(* Let $f(w)=\sum_{n=0}^{\infty}a_nw^n$ be an entire function of order $\rho$ with $0\le\rho<1$. Then for every $z\in\mathbb{C}-f^{-1}(f(0))$ and every $n\in\mathbb{Z}^+$, $$a_n=(-1)^n\big(f(0)-f(z)\big)\sum_{0\le i_1<i_2<\cdots<i_n}\Big(\prod_{j=1}^n\phi_{0i_j}(z)\Big)^{-1}.$$
   Context: ${\rm Aut}(f)=\{\phi_{0n}\}_n$ denotes the automorphic functions of $f$ (branches of $f^{-1}\circ f$, solutions of $f(\phi(z))=f(z)$); for fixed $z$, $\{\phi_{0n}(z)\}_{n\ge 0}$ is the set of zeros of $w\mapsto f(w)-f(z)$ listed with multiplicity (all nonzero when $f(z)\ne f(0)$). *)

theory Defs
  imports "HOL-Complex_Analysis.Complex_Analysis"
begin

definition entire_order :: "(complex \<Rightarrow> complex) \<Rightarrow> ereal" where
  "entire_order f = Inf {ereal \<rho> | \<rho>. \<rho> \<ge> 0 \<and>
      (\<forall>\<^sub>F r in at_top. \<forall>w. norm w = r \<longrightarrow> norm (f w) \<le> exp (r powr \<rho>))}"

text \<open>phi (restricted to the index set I, an initial segment of nat) lists the
  zeros of w \<mapsto> f w - f z with multiplicity: these are the values
  phi_{0n}(z) of the automorphic functions of f at z.\<close>
definition zeros_enum ::
    "(complex \<Rightarrow> complex) \<Rightarrow> complex \<Rightarrow> nat set \<Rightarrow> (nat \<Rightarrow> complex) \<Rightarrow> bool" where
  "zeros_enum f z I \<phi> \<longleftrightarrow>
     (I = UNIV \<or> (\<exists>N. I = {..<N})) \<and>
     (\<forall>w. finite {k\<in>I. \<phi> k = w} \<and>
          card {k\<in>I. \<phi> k = w} =
            (if f w = f z then nat (zorder (\<lambda>u. f u - f z) w) else 0))"

end

theory Submission
  imports Defs
begin
definition E1 :: "nat \<Rightarrow> real \<Rightarrow> real \<Rightarrow> (nat \<times> nat) set" where
  "E1 b \<gamma> x0 = (\<Inter>\<epsilon>\<in>{0<..}. \<Inter>\<delta>\<in>{0<..}. E1_eps b \<gamma> x0 \<epsilon> \<delta>)"

definition Delta :: "nat \<Rightarrow> real \<Rightarrow> real" where
  "Delta b \<gamma> = (SUP t. sin (real b * t) + \<gamma> * sin t)"

end

theory Submission
  imports Defs
begin

text \<open>
  With the phases \<open>\<theta>\<^sub>n = 2\<pi>(x + i\<^sub>0 + i\<^sub>1 b + \<dots> + i\<^sub>n b\<^sup>n) / b\<^sup>n\<^sup>+\<^sup>1\<close> (digits indexed
  from 0) one has \<open>S = -2\<pi> \<Sum> \<gamma>\<^sup>n sin \<theta>\<^sub>n\<close> and \<open>S' = -(4\<pi>\<^sup>2/b) \<Sum> (\<gamma>/b)\<^sup>n cos \<theta>\<^sub>n\<close>, and
  \<open>\<theta>\<^sub>0\<close> depends only on the first digit. Since \<open>b \<theta>\<^sub>n\<^sub>+\<^sub>1 \<equiv> \<theta>\<^sub>n (mod 2\<pi>)\<close>, the terms
  \<open>n = 2j+1, 2j+2\<close> of the sine series combine to \<open>-2\<pi>\<gamma>\<^sup>2\<^sup>j\<^sup>+\<^sup>1 (sin (b\<theta>) + \<gamma> sin \<theta>)\<close>
  with \<open>\<theta> = \<theta>\<^sub>2\<^sub>j\<^sub>+\<^sub>2\<close>, which is bounded by \<open>2\<pi>\<gamma>\<^sup>2\<^sup>j\<^sup>+\<^sup>1\<Delta>\<close>; so \<open>S\<close> is within
  \<open>2\<pi>\<Delta>\<gamma>/(1-\<gamma>\<^sup>2)\<close> of its first term, and \<open>S'\<close> is within \<open>(4\<pi>\<^sup>2/b)\<gamma>/(b-\<gamma>)\<close> of
  its first term. For a tangent pair \<open>k\<bold>u\<close>, \<open>l\<bold>v\<close> the values of \<open>S\<close> and of \<open>S'\<close>
  agree up to arbitrarily small errors, so the first terms differ by at most twice these
  bounds. The last inequality follows from
  \<open>(sin a - sin c)\<^sup>2 + (cos a - cos c)\<^sup>2 = 4 sin\<^sup>2((a - c)/2)\<close>.
\<close>

definition phase :: "nat \<Rightarrow> real \<Rightarrow> (nat \<Rightarrow> nat) \<Rightarrow> nat \<Rightarrow> real" where
  "phase b x i n = 2 * pi * (x + (\<Sum>m<Suc n. real (i m) * real b ^ m)) / real b ^ Suc n"

lemma phase_0_case_nat: "phase b x (case_nat k u) 0 = 2 * pi * (x + real k) / real b"
  by (simp add: phase_def)

lemma sin_add_2pi_multiple: "sin (t + 2 * pi * real (m::nat)) = sin t"
proof -
  have "2 * pi * real m = 2 * real m * pi" by simp
  then show ?thesis by (simp only: sin_add sin_2npi cos_2npi)
qed

lemma sin_mult_phase_Suc:
  assumes "b > 0"
  shows "sin (real b * phase b x i (Suc n)) = sin (phase b x i n)"
proof -
  have "real b * phase b x i (Suc n) = phase b x i n + 2 * pi * real (i (Suc n))"
    using assms by (simp add: phase_def field_simps)
  then show ?thesis by (simp add: sin_add_2pi_multiple)
qed

lemma sin_cos_dist_sq:
  fixes a c :: real
  shows "(sin a - sin c)\<^sup>2 + (cos a - cos c)\<^sup>2 = 4 * (sin ((a - c) / 2))\<^sup>2"
proof -
  have "(sin a - sin c)\<^sup>2 + (cos a - cos c)\<^sup>2 = 2 - 2 * cos (a - c)"
    by (simp add: power2_eq_square cos_diff algebra_simps)
  also have "cos (a - c) = 1 - 2 * (sin ((a - c) / 2))\<^sup>2"
    by (metis cos_double_sin mult_2 add_diff_cancel_left' diff_add_cancel field_sum_of_halves)
  finally show ?thesis by simp
qed

lemma bdd_above_Delta_range: "bdd_above (range (\<lambda>t. sin (real b * t) + \<gamma> * sin t))"
proof (rule bdd_aboveI2)
  fix t
  have "\<bar>\<gamma> * sin t\<bar> \<le> \<bar>\<gamma>\<bar>"
    using abs_sin_le_one[of t] by (simp add: abs_mult mult_left_le)
  then show "sin (real b * t) + \<gamma> * sin t \<le> 1 + \<bar>\<gamma>\<bar>"
    using sin_le_one[of "real b * t"] by linarith
qed

lemma le_Delta: "sin (real b * t) + \<gamma> * sin t \<le> Delta b \<gamma>"
  unfolding Delta_def by (rule cSUP_upper[OF _ bdd_above_Delta_range]) simp

lemma abs_le_Delta: "\<bar>sin (real b * t) + \<gamma> * sin t\<bar> \<le> Delta b \<gamma>"
  using le_Delta[of b t \<gamma>] le_Delta[of b "-t" \<gamma>] by simp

> **WHAT TO DO**
Transcribe, exactly and completely, all of the entries.

> **WRITTEN ANSWER**
(* Let $f(w)=\sum_{n=0}^{\infty}a_nw^n$ be an entire function of order $\rho$ with $0\le\rho<1$. Then for every $z\in\mathbb{C}-f^{-1}(f(0))$ and every $n\in\mathbb{Z}^+$, $$a_n=(-1)^n\big(f(0)-f(z)\big)\sum_{0\le i_1<i_2<\cdots<i_n}\Big(\prod_{j=1}^n\phi_{0i_j}(z)\Big)^{-1}.$$
   Context: ${\rm Aut}(f)=\{\phi_{0n}\}_n$ denotes the automorphic functions of $f$ (branches of $f^{-1}\circ f$, solutions of $f(\phi(z))=f(z)$); for fixed $z$, $\{\phi_{0n}(z)\}_{n\ge 0}$ is the set of zeros of $w\mapsto f(w)-f(z)$ listed with multiplicity (all nonzero when $f(z)\ne f(0)$). *)

theory Defs
  imports "HOL-Complex_Analysis.Complex_Analysis"
begin

definition entire_order :: "(complex \<Rightarrow> complex) \<Rightarrow> ereal" where
  "entire_order f = Inf {ereal \<rho> | \<rho>. \<rho> \<ge> 0 \<and>
      (\<forall>\<^sub>F r in at_top. \<forall>w. norm w = r \<longrightarrow> norm (f w) \<le> exp (r powr \<rho>))}"

text \<open>phi (restricted to the index set I, an initial segment of nat) lists the
  zeros of w \<mapsto> f w - f z with multiplicity: these are the values
  phi_{0n}(z) of the automorphic functions of f at z.\<close>
definition zeros_enum ::
    "(complex \<Rightarrow> complex) \<Rightarrow> complex \<Rightarrow> nat set \<Rightarrow> (nat \<Rightarrow> complex) \<Rightarrow> bool" where
  "zeros_enum f z I \<phi> \<longleftrightarrow>
     (I = UNIV \<or> (\<exists>N. I = {..<N})) \<and>
     (\<forall>w. finite {k\<in>I. \<phi> k = w} \<and>
          card {k\<in>I. \<phi> k = w} =
            (if f w = f z then nat (zorder (\<lambda>u. f u - f z) w) else 0))"

end

theory Submission
  imports Defs
begin
definition E1 :: "nat \<Rightarrow> real \<Rightarrow> real \<Rightarrow> (nat \<times> nat) set" where
  "E1 b \<gamma> x0 = (\<Inter>\<epsilon>\<in>{0<..}. \<Inter>\<delta>\<in>{0<..}. E1_eps b \<gamma> x0 \<epsilon> \<delta>)"

definition Delta :: "nat \<Rightarrow> real \<Rightarrow> real" where
  "Delta b \<gamma> = (SUP t. sin (real b * t) + \<gamma> * sin t)"

end

theory Submission
  imports Defs
begin

text \<open>
  With the phases \<open>\<theta>\<^sub>n = 2\<pi>(x + i\<^sub>0 + i\<^sub>1 b + \<dots> + i\<^sub>n b\<^sup>n) / b\<^sup>n\<^sup>+\<^sup>1\<close> (digits indexed
  from 0) one has \<open>S = -2\<pi> \<Sum> \<gamma>\<^sup>n sin \<theta>\<^sub>n\<close> and \<open>S' = -(4\<pi>\<^sup>2/b) \<Sum> (\<gamma>/b)\<^sup>n cos \<theta>\<^sub>n\<close>, and
  \<open>\<theta>\<^sub>0\<close> depends only on the first digit. Since \<open>b \<theta>\<^sub>n\<^sub>+\<^sub>1 \<equiv> \<theta>\<^sub>n (mod 2\<pi>)\<close>, the terms
  \<open>n = 2j+1, 2j+2\<close> of the sine series combine to \<open>-2\<pi>\<gamma>\<^sup>2\<^sup>j\<^sup>+\<^sup>1 (sin (b\<theta>) + \<gamma> sin \<theta>)\<close>
  with \<open>\<theta> = \<theta>\<^sub>2\<^sub>j\<^sub>+\<^sub>2\<close>, which is bounded by \<open>2\<pi>\<gamma>\<^sup>2\<^sup>j\<^sup>+\<^sup>1\<Delta>\<close>; so \<open>S\<close> is within
  \<open>2\<pi>\<Delta>\<gamma>/(1-\<gamma>\<^sup>2)\<close> of its first term, and \<open>S'\<close> is within \<open>(4\<pi>\<^sup>2/b)\<gamma>/(b-\<gamma>)\<close> of
  its first term. For a tangent pair \<open>k\<bold>u\<close>, \<open>l\<bold>v\<close> the values of \<open>S\<close> and of \<open>S'\<close>
  agree up to arbitrarily small errors, so the first terms differ by at most twice these
  bounds. The last inequality follows from
  \<open>(sin a - sin c)\<^sup>2 + (cos a - cos c)\<^sup>2 = 4 sin\<^sup>2((a - c)/2)\<close>.
\<close>

definition phase :: "nat \<Rightarrow> real \<Rightarrow> (nat \<Rightarrow> nat) \<Rightarrow> nat \<Rightarrow> real" where
  "phase b x i n = 2 * pi * (x + (\<Sum>m<Suc n. real (i m) * real b ^ m)) / real b ^ Suc n"

lemma phase_0_case_nat: "phase b x (case_nat k u) 0 = 2 * pi * (x + real k) / real b"
  by (simp add: phase_def)

lemma sin_add_2pi_multiple: "sin (t + 2 * pi * real (m::nat)) = sin t"
proof -
  have "2 * pi * real m = 2 * real m * pi" by simp
  then show ?thesis by (simp only: sin_add sin_2npi cos_2npi)
qed

lemma sin_mult_phase_Suc:
  assumes "b > 0"
  shows "sin (real b * phase b x i (Suc n)) = sin (phase b x i n)"
proof -
  have "real b * phase b x i (Suc n) = phase b x i n + 2 * pi * real (i (Suc n))"
    using assms by (simp add: phase_def field_simps)
  then show ?thesis by (simp add: sin_add_2pi_multiple)
qed

lemma sin_cos_dist_sq:
  fixes a c :: real
  shows "(sin a - sin c)\<^sup>2 + (cos a - cos c)\<^sup>2 = 4 * (sin ((a - c) / 2))\<^sup>2"
proof -
  have "(sin a - sin c)\<^sup>2 + (cos a - cos c)\<^sup>2 = 2 - 2 * cos (a - c)"
    by (simp add: power2_eq_square cos_diff algebra_simps)
  also have "cos (a - c) = 1 - 2 * (sin ((a - c) / 2))\<^sup>2"
    by (metis cos_double_sin mult_2 add_diff_cancel_left' diff_add_cancel field_sum_of_halves)
  finally show ?thesis by simp
qed

lemma bdd_above_Delta_range: "bdd_above (range (\<lambda>t. sin (real b * t) + \<gamma> * sin t))"
proof (rule bdd_aboveI2)
  fix t
  have "\<bar>\<gamma> * sin t\<bar> \<le> \<bar>\<gamma>\<bar>"
    using abs_sin_le_one[of t] by (simp add: abs_mult mult_left_le)
  then show "sin (real b * t) + \<gamma> * sin t \<le> 1 + \<bar>\<gamma>\<bar>"
    using sin_le_one[of "real b * t"] by linarith
qed

lemma le_Delta: "sin (real b * t) + \<gamma> * sin t \<le> Delta b \<gamma>"
  unfolding Delta_def by (rule cSUP_upper[OF _ bdd_above_Delta_range]) simp

lemma abs_le_Delta: "\<bar>sin (real b * t) + \<gamma> * sin t\<bar> \<le> Delta b \<gamma>"
  using le_Delta[of b t \<gamma>] le_Delta[of b "-t" \<gamma>] by simp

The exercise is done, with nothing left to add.